Sussbauer acknowledged that RAINN was trying to use the phrase “trans people are liars” to illustrate a red flag in a relationship, but also said that “it came out of nowhere and was unnecessary, distracting from the larger point that they were trying to make.”

A representative from RAINN gave a statement responding to the feedback given by Deerfield students. It acknowledged that they could have used further context around the use of the image and clarified that the insult was “intended to validate the interrelatedness between homophobia, transphobia, and sexual misconduct.” 

“What we have learned from your feedback is that we did not provide an appropriate amount of context during the workshop for this example of harmful behavior, and that without that context, our intention and message may have been lost or its impact startling,” a RAINN representative said. 
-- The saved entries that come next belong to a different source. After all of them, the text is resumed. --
text \<open>A nonzero polynomial dividing its image under d is c a^k: write g = a^k w with a not
  dividing w; then w divides a^r w', hence w', so w is constant (char 0).\<close>

lemma divides_dA_imp_apow:
  fixes g :: "'k::field_char_0 poly"
  assumes r: "r \<ge> 1" and "g \<noteq> 0" and gd: "g dvd dA r g"
  obtains c k where "c \<noteq> 0" "g = smult c ([:0,1:] ^ k)"
proof -
  obtain w where w: "g = [:0,1:] ^ order 0 g * w" "\<not> [:0,1:] dvd w"
    using order_decomp[OF \<open>g \<noteq> 0\<close>, of 0] by auto
  define k where "k = order 0 g"
  have "[:0,1:] ^ k * w dvd
      [:0,1:] ^ k * (smult (of_nat k) ([:0,1:] ^ (r - 1)) * w + [:0,1:] ^ r * pderiv w)"
    using gd unfolding k_def[symmetric] w(1)[folded k_def] dA_apow_mult[OF r] .
  then have "w dvd smult (of_nat k) ([:0,1:] ^ (r - 1)) * w + [:0,1:] ^ r * pderiv w"
    by (subst (asm) dvd_times_left_cancel_iff) simp_all
  then have "w dvd [:0,1:] ^ r * pderiv w"
    by (simp only: dvd_add_right_iff[OF dvd_triv_right])
  then have "w dvd pderiv w" by (rule dvd_apow_cancel[OF w(2)])
  then have "pderiv w = 0"
    by (metis degree_pderiv dvd_imp_degree_le diff_less less_numeral_extra(1) not_le
        pderiv_eq_0_iff not_gr0)
  then have "degree w = 0" by (simp add: pderiv_eq_0_iff)
  then obtain c where c: "w = [:c:]" by (metis degree_eq_zeroE)
  moreover have "c \<noteq> 0"
  proof
    assume "c = 0"
    then have "w = 0" using c by simp
    then show False using w(2) by simp
  qed
  ultimately show ?thesis using that[of c k] w(1) unfolding k_def by simp
qed

theorem d_stable_ideal_is_apow:
  fixes T :: "'k::field_char_0 poly set"
  assumes r: "r \<ge> 1" and T: "d_stable_ideal r T" and nz: "g0 \<in> T" "g0 \<noteq> 0"
  shows "\<exists>m. T = apow_ideal m"
proof -
  obtain g where g: "g \<in> T" "g \<noteq> 0" and dvdT: "\<And>h. h \<in> T \<Longrightarrow> g dvd h"
    using ideal_min_degree_generator[OF d_stable_idealD(2,3)[OF T] nz] by blast
  have "g dvd dA r g" by (rule dvdT[OF d_stable_idealD(4)[OF T g(1)]])
  then obtain c k where c: "c \<noteq> 0" "g = smult c ([:0,1:] ^ k)"
    by (rule divides_dA_imp_apow[OF r g(2)])
  have "T = apow_ideal k"
  proof (intro set_eqI iffI)
    fix h assume "h \<in> T"
    then obtain q where "h = g * q" using dvdT by blast
    then have "h = [:0,1:] ^ k * smult c q" using c(2) by simp
    then show "h \<in> apow_ideal k" unfolding apow_ideal_def by (rule range_eqI)
  next
    fix h :: "'k poly" assume "h \<in> apow_ideal k"
    then obtain q where "h = [:0,1:] ^ k * q" by (auto simp: apow_ideal_def)
    then have "h = smult (inverse c) q * g" using c by (simp add: algebra_simps)
    then show "h \<in> T" using d_stable_idealD(3)[OF T g(1)] by (simp only:)
  qed
  then show ?thesis ..
qed

lemma opow_ga: "opow r ga m = [:[:0,1:] ^ m:]"
  by (induction m) (simp_all add: opow_def one_pCons ga_def omult_const_const)

lemma a_power_submodule:
  "qsmult r (lprinc r (gb - 1)) (opow r ga m) ` qcarrier (lprinc r (gb - 1))
     = ncoset r ` apow_ideal m"
proof -
  have "qsmult r (lprinc r (gb - 1)) (opow r ga m) ` qcarrier (lprinc r (gb - 1))
      = (\<lambda>g. ncoset r ([:0,1:] ^ m * g)) ` UNIV"
    by (simp add: qcarrier_ncoset opow_ga image_image qsmult_ncoset nact_const)
  then show ?thesis by (simp add: apow_ideal_def image_image)
qed

lemma qsubmodule_apow:
  assumes "r \<ge> 1"
  shows "qsubmodule r (lprinc r (gb - 1)) (ncoset r ` (apow_ideal m :: 'k::field_char_0 poly set))"
  using d_stable_apow_ideal[OF assms, of m] d_stable_ideal_nact[of r "apow_ideal m"]
  unfolding qsubmodule_def d_stable_ideal_def
  by (auto simp: qcarrier_ncoset qcoset_ncoset qadd_ncoset qsmult_ncoset)

lemma qsubmodule_is_apow:
  fixes S :: "'k::field_char_0 poly poly set set"
  assumes r: "r \<ge> 1" and S: "qsubmodule r (lprinc r (gb - 1)) S"
    and nz: "S \<noteq> {qcoset (lprinc r (gb - 1)) 0}"
  shows "\<exists>m. S = ncoset r ` apow_ideal m"
proof -
  define T where "T = {g. ncoset r g \<in> S}"
  have S_T: "S = ncoset r ` T"
    using S unfolding qsubmodule_def T_def by (auto simp: qcarrier_ncoset)
  have T0: "0 \<in> T" using S by (simp add: T_def qsubmodule_def qcoset_ncoset)
  have Tadd: "g + h \<in> T" if "g \<in> T" "h \<in> T" for g h
    using S that unfolding T_def qsubmodule_def by (metis mem_Collect_eq qadd_ncoset)
  have Tact: "nact r c g \<in> T" if "g \<in> T" for c g
    using S that unfolding T_def qsubmodule_def by (metis mem_Collect_eq qsmult_ncoset)
  have Tmult: "p * g \<in> T" if "g \<in> T" for p g
    using Tact[OF that, of "[:p:]"] by (simp add: nact_const)
  have TdA: "dA r g \<in> T" if "g \<in> T" for g
    using Tadd[OF that Tmult[OF Tact[OF that, of gb], of "-1"]] by (simp add: nact_gb E_def)
  have "d_stable_ideal r T" unfolding d_stable_ideal_def using T0 Tadd Tmult TdA by blast
  moreover obtain g where "g \<in> T" "g \<noteq> 0"
    using nz T0 S_T by (auto simp: qcoset_ncoset)
  ultimately show ?thesis using d_stable_ideal_is_apow[OF r] S_T by blast
qed

lemma apow_submodule_strict_mono:
  "ncoset r ` apow_ideal (Suc m) \<subset> ncoset r ` (apow_ideal m :: 'k::field_char_0 poly set)"
proof -
  have "apow_ideal (Suc m) \<subseteq> (apow_ideal m :: 'k poly set)"
    and ne: "apow_ideal (Suc m) \<noteq> (apow_ideal m :: 'k poly set)"
    using apow_ideal_strict_mono[of m, where 'k='k] unfolding psubset_eq by simp_all
  then show ?thesis
    unfolding psubset_eq inj_image_eq_iff[OF ncoset_inj] by (simp add: image_mono)
qed

lemma not_qartinian_of_strict_chain:
  assumes "\<And>n. qsubmodule r L (S n)" and "\<And>n. S (Suc n) \<subset> S n"
  shows "\<not> qartinian r L"
proof
  assume "qartinian r L"
  then have "(\<forall>n. qsubmodule r L (S n)) \<and> (\<forall>n. S (Suc n) \<subseteq> S n) \<longrightarrow> (\<exists>k. \<forall>n\<ge>k. S n = S k)"
    unfolding qartinian_def by (rule spec)
  moreover have "(\<forall>n. qsubmodule r L (S n)) \<and> (\<forall>n. S (Suc n) \<subseteq> S n)"
    using assms by (simp add: psubset_imp_subset)
  ultimately have "\<exists>k. \<forall>n\<ge>k. S n = S k" by (rule mp)
  then obtain k where k: "\<forall>n\<ge>k. S n = S k" ..
  have "S (Suc k) = S k" using spec[OF k, of "Suc k"] by simp
  then show False using assms(2)[of k] by simp
qed

lemma nonzero_submodules_N:
  fixes S :: "'k::field_char_0 poly poly set set"
  assumes r: "r \<ge> 1"
  shows "qsubmodule r (lprinc r (gb - 1)) S \<and> S \<noteq> {qcoset (lprinc r (gb - 1)) 0}
    \<longleftrightarrow> (\<exists>m. S = ncoset r ` apow_ideal m)"
proof
  assume "qsubmodule r (lprinc r (gb - 1)) S \<and> S \<noteq> {qcoset (lprinc r (gb - 1)) 0}"
  then show "\<exists>m. S = ncoset r ` apow_ideal m" by (elim conjE) (rule qsubmodule_is_apow[OF r])
next
  assume "\<exists>m. S = ncoset r ` apow_ideal m"
  then obtain m where S: "S = ncoset r ` apow_ideal m" ..
  have zero: "qcoset (lprinc r (gb - 1)) 0 \<in> ncoset r ` (apow_ideal (Suc m) :: 'k poly set)"
    using qsubmodule_apow[OF r, of "Suc m"] unfolding qsubmodule_def by blast
  have sub: "ncoset r ` apow_ideal (Suc m) \<subset> S"
    unfolding S by (rule apow_submodule_strict_mono)
  have "S \<noteq> {qcoset (lprinc r (gb - 1)) 0}"
  proof
    assume "S = {qcoset (lprinc r (gb - 1)) 0}"
    then have "ncoset r ` apow_ideal (Suc m) = S" using sub zero by blast
    then show False using sub by simp
  qed
  then show "qsubmodule r (lprinc r (gb - 1)) S \<and> S \<noteq> {qcoset (lprinc r (gb - 1)) 0}"
    using qsubmodule_apow[OF r, of m] unfolding S by simp
qed


section \<open>Part (c): the submodules a^m N are pairwise non-isomorphic\<close>

lemma N_hom_on_apow:
  fixes f :: "'k::field_char_0 poly poly set \<Rightarrow> 'k poly poly set"
  assumes r: "r \<ge> 1"
    and lin: "\<And>c X. X \<in> ncoset r ` apow_ideal m \<Longrightarrow>
      f (qsmult r (lprinc r (gb - 1)) c X) = qsmult r (lprinc r (gb - 1)) c (f X)"
    and u: "f (ncoset r ([:0,1:] ^ m)) = ncoset r u"
  shows "\<And>p. f (ncoset r (p * [:0,1:] ^ m)) = ncoset r (p * u)"
    and "dA r u = smult (of_nat m) ([:0,1:] ^ (r - 1)) * u"
proof -
  have am: "ncoset r ([:0,1:] ^ m) \<in> ncoset r ` apow_ideal m"
    using apow_in_apow_ideal by blast
  have shift: "f (ncoset r (nact r c ([:0,1:] ^ m))) = ncoset r (nact r c u)" for c
    using lin[OF am, of c] u by (simp add: qsmult_ncoset)
  show fp: "f (ncoset r (p * [:0,1:] ^ m)) = ncoset r (p * u)" for p
    using shift[of "[:p:]"] by (simp add: nact_const)
  have "dA r ([:0,1:] ^ m) = [:0,1:] ^ m * smult (of_nat m) ([:0,1:] ^ (r - 1) :: 'k poly)"
    using dA_apow_mult[OF r, of m 1] by simp
  then have "E r ([:0,1:] ^ m)
      = (1 - smult (of_nat m) ([:0,1:] ^ (r - 1))) * ([:0,1:] ^ m :: 'k poly)"
    unfolding E_def by (simp add: algebra_simps)
  then have "ncoset r ((1 - smult (of_nat m) ([:0,1:] ^ (r - 1))) * u) = ncoset r (E r u)"
    using shift[of gb] fp by (simp add: nact_gb)
  then show "dA r u = smult (of_nat m) ([:0,1:] ^ (r - 1)) * u"
    by (simp add: E_def algebra_simps)
qed

theorem apow_submodules_not_iso:
  assumes r: "r \<ge> 1" and mn: "m \<noteq> n"
  shows "\<not> qiso r (lprinc r (gb - 1))
    (ncoset r ` (apow_ideal m :: 'k::field_char_0 poly set)) (ncoset r ` apow_ideal n)"
proof
  let ?a = "[:0,1:] :: 'k poly"
  assume "qiso r (lprinc r (gb - 1))
    (ncoset r ` (apow_ideal m :: 'k poly set)) (ncoset r ` apow_ideal n)"
  then obtain f where bij: "bij_betw f (ncoset r ` (apow_ideal m :: 'k poly set))
      (ncoset r ` apow_ideal n)"
    and lin: "\<And>c X. X \<in> ncoset r ` (apow_ideal m :: 'k poly set) \<Longrightarrow>
      f (qsmult r (lprinc r (gb - 1)) c X) = qsmult r (lprinc r (gb - 1)) c (f X)"
    unfolding qiso_def by blast
  have "f (ncoset r (?a ^ m)) \<in> ncoset r ` apow_ideal n"
    using bij apow_in_apow_ideal by (blast dest: bij_betw_apply)
  then obtain v where v: "f (ncoset r (?a ^ m)) = ncoset r (?a ^ n * v)"
    by (auto simp: apow_ideal_def)
  note hom = N_hom_on_apow[OF r lin v]
  txt \<open>Surjectivity: some h a^m maps to a^n, so h v = 1 and v is a nonzero constant.\<close>
  have "ncoset r (?a ^ n) \<in> f ` (ncoset r ` apow_ideal m)"
    using bij apow_in_apow_ideal[of n] by (auto simp: bij_betw_def)
  then obtain h where "ncoset r (h * (?a ^ n * v)) = ncoset r (?a ^ n)"
    using hom(1) by (auto simp: apow_ideal_def mult.commute)
  then have "?a ^ n * (h * v) = ?a ^ n * 1" by (simp add: algebra_simps)
  then have "h * v = 1" by (subst (asm) mult_left_cancel) simp_all
  then have "h \<noteq> 0" "v \<noteq> 0" by auto
  then have "degree v = 0" using \<open>h * v = 1\<close> degree_mult_eq[of h v] by simp
  then obtain lam where lam: "v = [:lam:]" by (metis degree_eq_zeroE)
  with \<open>v \<noteq> 0\<close> have lam0: "lam \<noteq> 0" by simp
  txt \<open>Compatibility with b: d(a^n v) = n a^(r-1) a^n v must equal m a^(r-1) a^n v.\<close>
  have "dA r (?a ^ n * v) = smult (of_nat n) (?a ^ (r - 1)) * (?a ^ n * v)"
    using dA_apow_mult[OF r, of n v] lam by (simp add: algebra_simps)
  then have "smult (of_nat n - of_nat m) (?a ^ (r - 1) * ?a ^ n * v) = 0"
    using hom(2) by (simp add: smult_diff_left algebra_simps)
  then have "(of_nat n :: 'k) = of_nat m" using lam lam0 by simp
  then show False using mn by simp
qed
During the workshops, counselors were also staffed in the Health Center to support anyone who felt uncomfortable with the presented material.

According to a few other students, while they felt it was important for the school to have these workshops and promote advocacy for healthy relationships, having it over Zoom made it easy for them to disengage.

“I would have loved to see discussions either within advisory groups or co-curriculars that asked follow-up questions more specific to Deerfield and how the students, faculty, and administration may work to create a better environment on campus,” Sussbauer said. 

The RAINN workshops mainly focused on the topic of romantic relationships, but Assistant Head for Student Life Amie Creagh also emphasized wanting to promote healthy boundaries in all relationships. 

“We’re not just talking about healthy romantic relationships. Any relationship benefits from a clear understanding of what feels right, what boundaries are, and what healthy relationships look like,” Ms. Creagh said. “It’s a part of our responsibility as an office to ensure that just alongside academics, we’re also trying to impart the skills of lifelong learning and happiness.”

Deerfield has held RAINN-administered faculty workshops since 2019, according to Assistant Head for Student Life Amie Creagh. 

Moving forward, Deerfield is planning to continue its partnership with RAINN and will remain in contact to discuss potential future workshops or training. The Deerfield Gender and Consent committee is also looking to take on the role of spreading awareness regarding healthy relationships and consent.